What to produce:
Look through the entries below and extract exactly the lines from the one containing "(* Symmetry of" through the one containing "l^e. Since lambda_(j+2i+2)", ends included.
-------- Material for this exercise
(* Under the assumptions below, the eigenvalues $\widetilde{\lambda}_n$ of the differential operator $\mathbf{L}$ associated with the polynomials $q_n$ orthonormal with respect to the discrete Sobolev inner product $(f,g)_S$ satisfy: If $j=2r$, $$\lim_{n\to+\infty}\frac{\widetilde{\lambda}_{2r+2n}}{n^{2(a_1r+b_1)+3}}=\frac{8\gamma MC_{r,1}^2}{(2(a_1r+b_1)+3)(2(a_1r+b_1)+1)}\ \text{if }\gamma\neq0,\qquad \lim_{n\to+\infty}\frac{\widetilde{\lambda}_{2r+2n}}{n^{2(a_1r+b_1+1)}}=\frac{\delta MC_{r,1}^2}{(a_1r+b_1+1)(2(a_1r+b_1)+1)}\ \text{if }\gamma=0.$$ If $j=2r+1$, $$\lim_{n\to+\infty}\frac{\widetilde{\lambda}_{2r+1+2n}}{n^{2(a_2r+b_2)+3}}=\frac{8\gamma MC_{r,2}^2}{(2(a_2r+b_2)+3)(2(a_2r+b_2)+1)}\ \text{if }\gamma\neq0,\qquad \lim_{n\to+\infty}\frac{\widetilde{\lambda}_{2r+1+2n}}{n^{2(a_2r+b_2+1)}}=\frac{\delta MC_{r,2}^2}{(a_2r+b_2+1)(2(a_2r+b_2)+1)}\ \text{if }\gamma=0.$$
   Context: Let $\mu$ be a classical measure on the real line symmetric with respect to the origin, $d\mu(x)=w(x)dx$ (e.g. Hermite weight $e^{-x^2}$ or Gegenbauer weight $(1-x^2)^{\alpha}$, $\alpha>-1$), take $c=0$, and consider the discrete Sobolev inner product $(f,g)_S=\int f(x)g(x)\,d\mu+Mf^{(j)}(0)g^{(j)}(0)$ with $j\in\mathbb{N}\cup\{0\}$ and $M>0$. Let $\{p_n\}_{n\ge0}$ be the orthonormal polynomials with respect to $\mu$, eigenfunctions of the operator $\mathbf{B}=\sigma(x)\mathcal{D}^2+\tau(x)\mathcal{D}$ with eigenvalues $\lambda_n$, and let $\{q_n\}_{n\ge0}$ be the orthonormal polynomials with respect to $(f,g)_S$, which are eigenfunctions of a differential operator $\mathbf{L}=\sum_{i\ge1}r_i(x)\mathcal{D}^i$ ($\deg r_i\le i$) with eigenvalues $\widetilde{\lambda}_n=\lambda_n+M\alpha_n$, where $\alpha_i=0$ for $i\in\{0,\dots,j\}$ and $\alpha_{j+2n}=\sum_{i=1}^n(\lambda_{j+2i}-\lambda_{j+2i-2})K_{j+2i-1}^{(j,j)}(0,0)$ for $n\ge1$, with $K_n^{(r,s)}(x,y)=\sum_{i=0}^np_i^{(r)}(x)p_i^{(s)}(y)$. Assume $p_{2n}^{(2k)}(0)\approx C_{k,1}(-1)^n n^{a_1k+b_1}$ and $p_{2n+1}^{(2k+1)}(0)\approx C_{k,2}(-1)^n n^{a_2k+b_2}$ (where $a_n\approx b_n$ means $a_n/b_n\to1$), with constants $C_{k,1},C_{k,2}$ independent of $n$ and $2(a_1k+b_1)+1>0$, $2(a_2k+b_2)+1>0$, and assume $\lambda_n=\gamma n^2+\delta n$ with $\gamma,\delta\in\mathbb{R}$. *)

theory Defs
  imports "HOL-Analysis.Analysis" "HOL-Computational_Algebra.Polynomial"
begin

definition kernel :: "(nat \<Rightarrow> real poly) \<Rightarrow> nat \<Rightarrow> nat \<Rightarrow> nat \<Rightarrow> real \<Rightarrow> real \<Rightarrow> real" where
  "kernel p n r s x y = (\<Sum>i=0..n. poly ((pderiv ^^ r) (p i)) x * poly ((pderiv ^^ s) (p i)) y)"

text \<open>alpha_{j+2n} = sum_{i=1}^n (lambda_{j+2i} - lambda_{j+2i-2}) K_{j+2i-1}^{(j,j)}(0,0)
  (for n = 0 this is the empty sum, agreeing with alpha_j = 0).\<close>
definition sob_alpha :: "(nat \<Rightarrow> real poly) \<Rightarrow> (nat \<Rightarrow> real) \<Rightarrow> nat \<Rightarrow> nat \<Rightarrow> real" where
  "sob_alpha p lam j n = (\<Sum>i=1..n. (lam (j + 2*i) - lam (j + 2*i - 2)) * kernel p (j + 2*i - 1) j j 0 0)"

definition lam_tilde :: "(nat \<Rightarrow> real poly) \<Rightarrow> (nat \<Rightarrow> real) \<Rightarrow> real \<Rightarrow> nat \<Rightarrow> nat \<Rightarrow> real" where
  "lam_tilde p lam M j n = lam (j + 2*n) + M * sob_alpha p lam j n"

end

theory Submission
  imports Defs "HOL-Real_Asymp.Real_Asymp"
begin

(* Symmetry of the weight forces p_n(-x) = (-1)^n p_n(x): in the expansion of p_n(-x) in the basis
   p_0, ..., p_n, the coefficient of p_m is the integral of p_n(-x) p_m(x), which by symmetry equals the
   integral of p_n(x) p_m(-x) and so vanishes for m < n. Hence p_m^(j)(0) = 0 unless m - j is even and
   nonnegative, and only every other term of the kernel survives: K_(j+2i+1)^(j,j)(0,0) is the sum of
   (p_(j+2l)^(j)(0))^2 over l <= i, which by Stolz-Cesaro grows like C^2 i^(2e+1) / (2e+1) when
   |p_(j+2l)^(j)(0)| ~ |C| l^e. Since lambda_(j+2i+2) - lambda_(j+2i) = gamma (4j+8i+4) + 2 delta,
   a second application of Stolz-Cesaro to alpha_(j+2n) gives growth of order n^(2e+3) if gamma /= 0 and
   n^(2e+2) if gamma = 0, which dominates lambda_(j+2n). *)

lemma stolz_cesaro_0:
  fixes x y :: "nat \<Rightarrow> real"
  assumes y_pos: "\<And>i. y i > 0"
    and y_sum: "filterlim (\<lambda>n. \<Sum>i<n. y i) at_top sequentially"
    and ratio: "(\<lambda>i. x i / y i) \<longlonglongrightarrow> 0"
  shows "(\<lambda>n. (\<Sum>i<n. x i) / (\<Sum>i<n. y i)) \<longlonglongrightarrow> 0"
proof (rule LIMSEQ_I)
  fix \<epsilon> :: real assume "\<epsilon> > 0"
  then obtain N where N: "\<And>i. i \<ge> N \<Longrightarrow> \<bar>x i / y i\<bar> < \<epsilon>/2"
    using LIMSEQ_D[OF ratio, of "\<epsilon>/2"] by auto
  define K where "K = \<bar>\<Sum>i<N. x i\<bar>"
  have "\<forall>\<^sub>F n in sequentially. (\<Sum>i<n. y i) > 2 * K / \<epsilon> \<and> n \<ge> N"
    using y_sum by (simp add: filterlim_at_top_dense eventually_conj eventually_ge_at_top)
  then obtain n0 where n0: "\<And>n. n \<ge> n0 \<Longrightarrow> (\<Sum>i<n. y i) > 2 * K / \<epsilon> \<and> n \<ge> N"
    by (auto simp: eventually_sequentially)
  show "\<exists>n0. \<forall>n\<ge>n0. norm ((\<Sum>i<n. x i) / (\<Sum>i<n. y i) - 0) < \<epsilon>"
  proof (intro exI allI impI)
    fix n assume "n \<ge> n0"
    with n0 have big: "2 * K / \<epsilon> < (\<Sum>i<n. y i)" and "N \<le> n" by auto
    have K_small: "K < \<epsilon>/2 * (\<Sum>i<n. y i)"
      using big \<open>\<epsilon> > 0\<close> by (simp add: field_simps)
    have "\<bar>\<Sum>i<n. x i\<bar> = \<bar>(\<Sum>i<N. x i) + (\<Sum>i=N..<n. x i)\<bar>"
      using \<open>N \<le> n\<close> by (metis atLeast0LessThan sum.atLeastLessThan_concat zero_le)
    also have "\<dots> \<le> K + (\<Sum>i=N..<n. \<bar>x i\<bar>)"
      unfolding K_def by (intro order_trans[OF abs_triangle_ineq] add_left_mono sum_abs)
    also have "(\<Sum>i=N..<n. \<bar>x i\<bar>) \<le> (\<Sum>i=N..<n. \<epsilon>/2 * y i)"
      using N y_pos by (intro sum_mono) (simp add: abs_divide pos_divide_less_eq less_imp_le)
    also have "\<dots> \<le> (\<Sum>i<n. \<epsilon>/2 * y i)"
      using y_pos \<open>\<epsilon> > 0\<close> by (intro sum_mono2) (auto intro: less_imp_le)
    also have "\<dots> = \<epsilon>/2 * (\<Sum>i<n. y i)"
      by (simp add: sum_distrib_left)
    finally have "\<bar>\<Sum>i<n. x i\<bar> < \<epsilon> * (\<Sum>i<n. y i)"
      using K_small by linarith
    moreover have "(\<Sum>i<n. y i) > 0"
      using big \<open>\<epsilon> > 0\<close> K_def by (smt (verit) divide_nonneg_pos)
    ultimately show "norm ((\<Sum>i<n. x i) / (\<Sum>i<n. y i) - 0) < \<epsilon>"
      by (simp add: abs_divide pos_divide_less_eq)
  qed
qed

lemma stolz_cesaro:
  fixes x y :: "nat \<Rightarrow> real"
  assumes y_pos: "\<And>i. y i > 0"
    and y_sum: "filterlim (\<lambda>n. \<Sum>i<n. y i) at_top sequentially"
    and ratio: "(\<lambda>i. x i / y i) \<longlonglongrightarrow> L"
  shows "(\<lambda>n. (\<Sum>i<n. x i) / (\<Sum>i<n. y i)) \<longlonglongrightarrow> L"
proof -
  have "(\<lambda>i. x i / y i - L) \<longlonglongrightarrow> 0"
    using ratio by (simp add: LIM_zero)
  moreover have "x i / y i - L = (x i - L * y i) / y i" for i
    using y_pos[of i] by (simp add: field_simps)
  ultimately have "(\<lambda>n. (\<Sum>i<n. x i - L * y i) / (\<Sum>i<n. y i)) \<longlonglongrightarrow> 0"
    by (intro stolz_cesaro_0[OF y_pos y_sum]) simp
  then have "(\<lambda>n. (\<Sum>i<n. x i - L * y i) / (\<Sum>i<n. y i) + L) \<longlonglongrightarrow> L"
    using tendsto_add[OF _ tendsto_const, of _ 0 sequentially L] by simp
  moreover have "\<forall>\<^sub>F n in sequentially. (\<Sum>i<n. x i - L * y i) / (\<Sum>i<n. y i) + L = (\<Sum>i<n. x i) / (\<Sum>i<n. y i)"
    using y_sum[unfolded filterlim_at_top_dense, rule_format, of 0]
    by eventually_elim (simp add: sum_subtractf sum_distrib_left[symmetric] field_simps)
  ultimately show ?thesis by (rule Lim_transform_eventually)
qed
----------------
Answer space:
(* Symmetry of the weight forces p_n(-x) = (-1)^n p_n(x): in the expansion of p_n(-x) in the basis
   p_0, ..., p_n, the coefficient of p_m is the integral of p_n(-x) p_m(x), which by symmetry equals the
   integral of p_n(x) p_m(-x) and so vanishes for m < n. Hence p_m^(j)(0) = 0 unless m - j is even and
   nonnegative, and only every other term of the kernel survives: K_(j+2i+1)^(j,j)(0,0) is the sum of
   (p_(j+2l)^(j)(0))^2 over l <= i, which by Stolz-Cesaro grows like C^2 i^(2e+1) / (2e+1) when
   |p_(j+2l)^(j)(0)| ~ |C| l^e. Since lambda_(j+2i+2) - lambda_(j+2i) = gamma (4j+8i+4) + 2 delta,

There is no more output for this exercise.